Much of my talk, frankly, is a bit canned -- slides of greenhouse gases over time, trends in temperature and precipitation, a few general categories of impacts, and so on. Lara Hansen has a fairly standard set of about four points that describe climate adaptation strategies. I added a few slides that talk about regional climate trends and potential and realized impacts, then I move on to the Yangtze.
I find these talks very difficult and quite emotional and the same time that I know they are, in terms of giving undergrads some fear and hope, extremely effective. I'm not a canned speaker. I am out there, somewhere, doing something. The talks in PA were not easy, and I found my voice catching a few times over particular issues. But I almost lost it in Austin.
I ran into two glitches during the talk. First, I had altered the canned slide on global water impacts. Originally this slide showed two children, probably in the subcontinent, gleefully pumping water from a handpump. It's bright, pretty, and happy. I cut this photo and added several of my own from India: men digging a well by hand in a field in India to get access to groundwater, two WWF colleagues standing in a dry river bed about 40 or 50 feet below a mark on the pylon of a bridge that shows where the flood level was in 1992, one of the world experts on e-flows walking across another dry stretch of river bed, and a terrible image of cremation sites in a river bed. In fact, all of these photos are from my last trip to India and the Gambiri river, which has been dry along a significant stretch for over five years -- a victim of a long drought and an inter-caste war. Explaining these images to the 40 undergrads in the room, the timbre of my voice went from amusement (at the bridge) to the horrifying crisis of people hoping that the river returns so that, in keeping with their religion, their relatives can enter the sea and find salvation. But I kept myself in a reasonable amount of control and went on talking.

But then I hit the second glitch on one of the canned slides. There are two photos: one is a closeup of an apparently smiling polar bear. I said, The last time I gave this talk, there was a public debate on whether or not to list the polar bear as an endangered species. This doesn't really matter anymore, though. Polar bears will soon be functionally extinct, and your children or grandchildren will see them in their new habitat: zoos. And that's the only place. I then pointed at a pretty picture of an alpine meadow of wildflowers, a ridgeline, and the sky beyond. And this shows the kind of high-altitude habitat that is rapidly disappearing worldwide -- these wildflowers and their little specialized butterflies are getting pushed off the mountain top. They have no place to go. And they will disappear, unknown and unnoticed by almost everyone because they aren't photogenic or charismatic or big or have a backbone.
At least, that was what I tried to say. The choke came back while talking about the endangered species act and I had to stop for a moment. I thought about leaving or just turning away. I tried not to look at the audience or Eliot or my co-speaker John. Just to power through the moment. But the choke stayed there, letting me squeeze out the rest of the words only through a serious effort. To get to the next slide, to finish and move on. To think about something more positive.
In truth, I really hate this talk.
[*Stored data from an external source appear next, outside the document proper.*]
lemma psd_trace_nonneg:
  assumes "psd n M"
  shows "Im (mtrace M) = 0 \<and> 0 \<le> Re (mtrace M)"
proof -
  have "M \<in> carrier_mat n n" using assms psd_def by auto
  then show ?thesis using psd_diag[OF assms] by (auto simp: mtrace_carrier intro!: sum_nonneg)
qed

lemma psd_trace_zero_imp_zero:
  assumes "psd n M" "mtrace M = 0"
  shows "M = 0\<^sub>m n n"
proof -
  have M: "M \<in> carrier_mat n n" using assms psd_def by auto
  have "(\<Sum>i<n. Re (M $$ (i, i))) = 0" using assms(2) mtrace_carrier[OF M]
    by (metis Re_sum zero_complex.simps(1))
  hence "\<forall>i\<in>{..<n}. Re (M $$ (i, i)) = 0"
    using psd_diag[OF assms(1)] by (subst sum_nonneg_eq_0_iff[symmetric]) auto
  hence "\<forall>i<n. M $$ (i, i) = 0" using psd_diag[OF assms(1)] by (simp add: complex_eq_iff)
  thus ?thesis using psd_zero_diag_imp_zero[OF assms(1)] by blast
qed

lemma outer_carrier[simp]: "outer n u w \<in> carrier_mat n n"
  and outer_dims[simp]: "dim_row (outer n u w) = n" "dim_col (outer n u w) = n"
  by (simp_all add: outer_def)

lemma mat_unit_carrier[simp]: "mat_unit n a b \<in> carrier_mat n n"
  and mat_unit_dims[simp]: "dim_row (mat_unit n a b) = n" "dim_col (mat_unit n a b) = n"
  by (simp_all add: mat_unit_def)

lemma mat_unit_index:
  "i < n \<Longrightarrow> j < n \<Longrightarrow> mat_unit n a b $$ (i, j) = (if i = a \<and> j = b then 1 else 0)"
  by (simp add: mat_unit_def outer_def unit_fun_def)

lemma outer_psd: "psd n (outer n u u)"
proof -
  have "sesq n (outer n u u) f f = (\<Sum>i<n. cnj (f i) * u i) * cnj (\<Sum>i<n. cnj (f i) * u i)" for f
    unfolding sesq_def outer_def
    by (simp add: cnj_sum sum_distrib_left sum_distrib_right mult.assoc mult.left_commute mult.commute)
  moreover have "Im (c * cnj c) = 0 \<and> 0 \<le> Re (c * cnj c)" for c :: complex
    by simp
  ultimately show ?thesis unfolding psd_iff_sesq by (metis outer_carrier)
qed

lemma outer_expand:
  "outer n (\<lambda>i. a i + t * b i) (\<lambda>i. a i + t * b i) =
     outer n a a + cnj t \<cdot>\<^sub>m outer n a b + t \<cdot>\<^sub>m outer n b a + (t * cnj t) \<cdot>\<^sub>m outer n b b"
  by (rule eq_matI) (auto simp: outer_def algebra_simps)

lemma sesq_mult_right:
  assumes "M \<in> carrier_mat m m" "C \<in> carrier_mat m m"
  shows "sesq m (M * C) f g = sesq m M f (mat_apply m C g)"
proof -
  have "sesq m (M * C) f g = (\<Sum>i<m. \<Sum>j<m. \<Sum>l<m. cnj (f i) * M $$ (i, l) * C $$ (l, j) * g j)"
    unfolding sesq_def using assms
    by (intro sum.cong refl)
       (simp add: scalar_prod_def lessThan_atLeast0 sum_distrib_left sum_distrib_right mult.assoc)
  also have "\<dots> = (\<Sum>i<m. \<Sum>l<m. \<Sum>j<m. cnj (f i) * M $$ (i, l) * C $$ (l, j) * g j)"
    by (rule sum.cong[OF refl], rule sum.swap)
  also have "\<dots> = sesq m M f (mat_apply m C g)"
    unfolding sesq_def mat_apply_def by (simp add: sum_distrib_left mult.assoc)
  finally show ?thesis .
qed

lemma sesq_mult_left:
  assumes "M \<in> carrier_mat m m" "C \<in> carrier_mat m m" "hermitian m C"
  shows "sesq m (C * M) f g = sesq m M (mat_apply m C f) g"
proof -
  have "sesq m (C * M) f g = (\<Sum>i<m. \<Sum>j<m. \<Sum>k<m. cnj (f i) * C $$ (i, k) * M $$ (k, j) * g j)"
    unfolding sesq_def using assms
    by (intro sum.cong refl)
       (simp add: scalar_prod_def lessThan_atLeast0 sum_distrib_left sum_distrib_right mult.assoc)
  also have "\<dots> = (\<Sum>i<m. \<Sum>k<m. \<Sum>j<m. cnj (f i) * C $$ (i, k) * M $$ (k, j) * g j)"
    by (rule sum.cong[OF refl], rule sum.swap)
  also have "\<dots> = (\<Sum>k<m. \<Sum>i<m. \<Sum>j<m. cnj (f i) * C $$ (i, k) * M $$ (k, j) * g j)"
    by (rule sum.swap)
  also have "\<dots> = (\<Sum>k<m. \<Sum>i<m. \<Sum>j<m. cnj (C $$ (k, i) * f i) * M $$ (k, j) * g j)"
  proof -
    have h: "cnj (C $$ (k, i) * f i) = cnj (f i) * C $$ (i, k)" if "i < m" "k < m" for i k
      using hermitianD[OF assms(3) that(2,1)] by simp
    show ?thesis by (intro sum.cong refl) (simp only: h lessThan_iff)
  qed
  also have "\<dots> = (\<Sum>k<m. \<Sum>j<m. \<Sum>i<m. cnj (C $$ (k, i) * f i) * M $$ (k, j) * g j)"
    by (rule sum.cong[OF refl], rule sum.swap)
  also have "\<dots> = sesq m M (mat_apply m C f) g"
    unfolding sesq_def mat_apply_def by (simp only: cnj_sum sum_distrib_right)
  finally show ?thesis .
qed

lemma psd_sandwich:
  assumes "psd m X" "C \<in> carrier_mat m m" "hermitian m C"
  shows "psd m (C * X * C)"
proof -
  have X: "X \<in> carrier_mat m m" using assms(1) psd_def by auto
  have CX: "C * X \<in> carrier_mat m m" using X assms(2) by simp
  have "sesq m (C * X * C) f f = sesq m X (mat_apply m C f) (mat_apply m C f)" for f
    using sesq_mult_right[OF CX assms(2)] sesq_mult_left[OF X assms(2,3)] by simp
  moreover have "C * X * C \<in> carrier_mat m m" using CX assms(2) by simp
  ultimately show ?thesis using assms(1) unfolding psd_iff_sesq by metis
qed

lemma hermitian_mult_index_cnj:
  assumes "hermitian n X" "hermitian n Y" "X \<in> carrier_mat n n" "Y \<in> carrier_mat n n" "j < n" "k < n"
  shows "(X * Y) $$ (j, k) = cnj ((Y * X) $$ (k, j))"
proof -
  have "(X * Y) $$ (j, k) = (\<Sum>l<n. X $$ (j, l) * Y $$ (l, k))"
    by (rule index_mult_mat_sum) (use assms in auto)
  also have "\<dots> = cnj (\<Sum>l<n. Y $$ (k, l) * X $$ (l, j))"
    unfolding cnj_sum using hermitianD[OF assms(1)] hermitianD[OF assms(2)] assms(5,6)
    by (intro sum.cong refl) (simp add: mult.commute)
  also have "(\<Sum>l<n. Y $$ (k, l) * X $$ (l, j)) = (Y * X) $$ (k, j)"
    by (rule index_mult_mat_sum[symmetric]) (use assms in auto)
  finally show ?thesis .
qed

lemma sum_cnj_mult_self_zero:
  fixes w :: "nat \<Rightarrow> complex"
  assumes "(\<Sum>k<n. cnj (w k) * w k) = 0" "k < n"
  shows "w k = 0"
proof -
  have e: "cnj (w k) * w k = complex_of_real ((Re (w k))\<^sup>2 + (Im (w k))\<^sup>2)" for k
    by (simp add: complex_eq_iff power2_eq_square)
  have "complex_of_real (\<Sum>k<n. (Re (w k))\<^sup>2 + (Im (w k))\<^sup>2) = 0"
    using assms(1) unfolding e of_real_sum .
  hence "(\<Sum>k<n. (Re (w k))\<^sup>2 + (Im (w k))\<^sup>2) = 0" by (simp only: of_real_eq_0_iff)
  hence "(Re (w k))\<^sup>2 + (Im (w k))\<^sup>2 = 0"
    using assms(2) by (subst (asm) sum_nonneg_eq_0_iff) auto
  thus ?thesis by (simp add: complex_eq_iff sum_power2_eq_zero_iff)
qed

lemma sandwich_zero_imp_mult_zero:
  assumes P: "P \<in> carrier_mat n n" "hermitian n P"
    and Q: "Q \<in> carrier_mat n n" "hermitian n Q" "Q * Q = Q"
    and PQP: "P * Q * P = 0\<^sub>m n n"
  shows "P * Q = 0\<^sub>m n n"
proof -
  have "P * Q * P = P * (Q * Q * P)" using P(1) Q(1) Q(3) by (simp add: assoc_mult_mat[of P n n Q n P n])
  also have "\<dots> = (P * Q) * (Q * P)" using P(1) Q(1) by (simp add: assoc_mult_mat[of _ n n _ n _ n])
  finally have prod0: "(P * Q) * (Q * P) = 0\<^sub>m n n" using PQP by simp
  have QP: "(Q * P) $$ (k, j) = 0" if jk: "j < n" "k < n" for j k
  proof -
    have "0 = ((P * Q) * (Q * P)) $$ (j, j)" using prod0 jk by simp
    also have "\<dots> = (\<Sum>l<n. (P * Q) $$ (j, l) * (Q * P) $$ (l, j))"
      using jk P Q by (intro index_mult_mat_sum) auto
    also have "\<dots> = (\<Sum>l<n. cnj ((Q * P) $$ (l, j)) * (Q * P) $$ (l, j))"
      using hermitian_mult_index_cnj[OF P(2) Q(2) P(1) Q(1)] jk by (intro sum.cong refl) simp
    finally show ?thesis using sum_cnj_mult_self_zero[of "\<lambda>l. (Q * P) $$ (l, j)" n k] jk by simp
  qed
  show ?thesis
  proof (rule eq_matI)
    fix j k assume "j < dim_row (0\<^sub>m n n :: complex mat)" "k < dim_col (0\<^sub>m n n :: complex mat)"
    hence jk: "j < n" "k < n" by auto
    then show "(P * Q) $$ (j, k) = 0\<^sub>m n n $$ (j, k)"
      using hermitian_mult_index_cnj[OF P(2) Q(2) P(1) Q(1) jk] QP[OF jk] by simp
  qed (use P Q in auto)
qed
I am often disturbed that I have seen such horrible things in this job already, and I feel very concerned that I can see into the future several awful, depressing decades. The 20th century was so horrifying, so terrible for the death, waste, and destruction. The 20th century was a miserable failure. And this century will clearly be worse. But while I am worried and afraid, I am most motivated by positive action. I cannot think about the loss, only what we can do for redemption, to carry as much over the river as we can. Whether or not we make it as well.
Moving on in the talk, I saw two young women chuckling to each other in the back, but I am too old to worry about such concerns. And I saw an older man dressed in a custodian's uniform sitting alone in the back row, arms crossed and shaking his head. I hope his grandchildren do not despise him in a few years. I know this worldview is hard to reconcile.
The denouement is relatively good, at least. As soon as the second talk was over, perhaps a quarter of the room's arms shot up with questions. Almost all of them were focused and showed that they were listening, and listening very hard, to both of us. Some stayed for an hour to ask questions and to be in touch with our message that bad things are happening while some people are trying to make a change.
Nonetheless, I am glad this is the last of these talks. I could not do these regularly.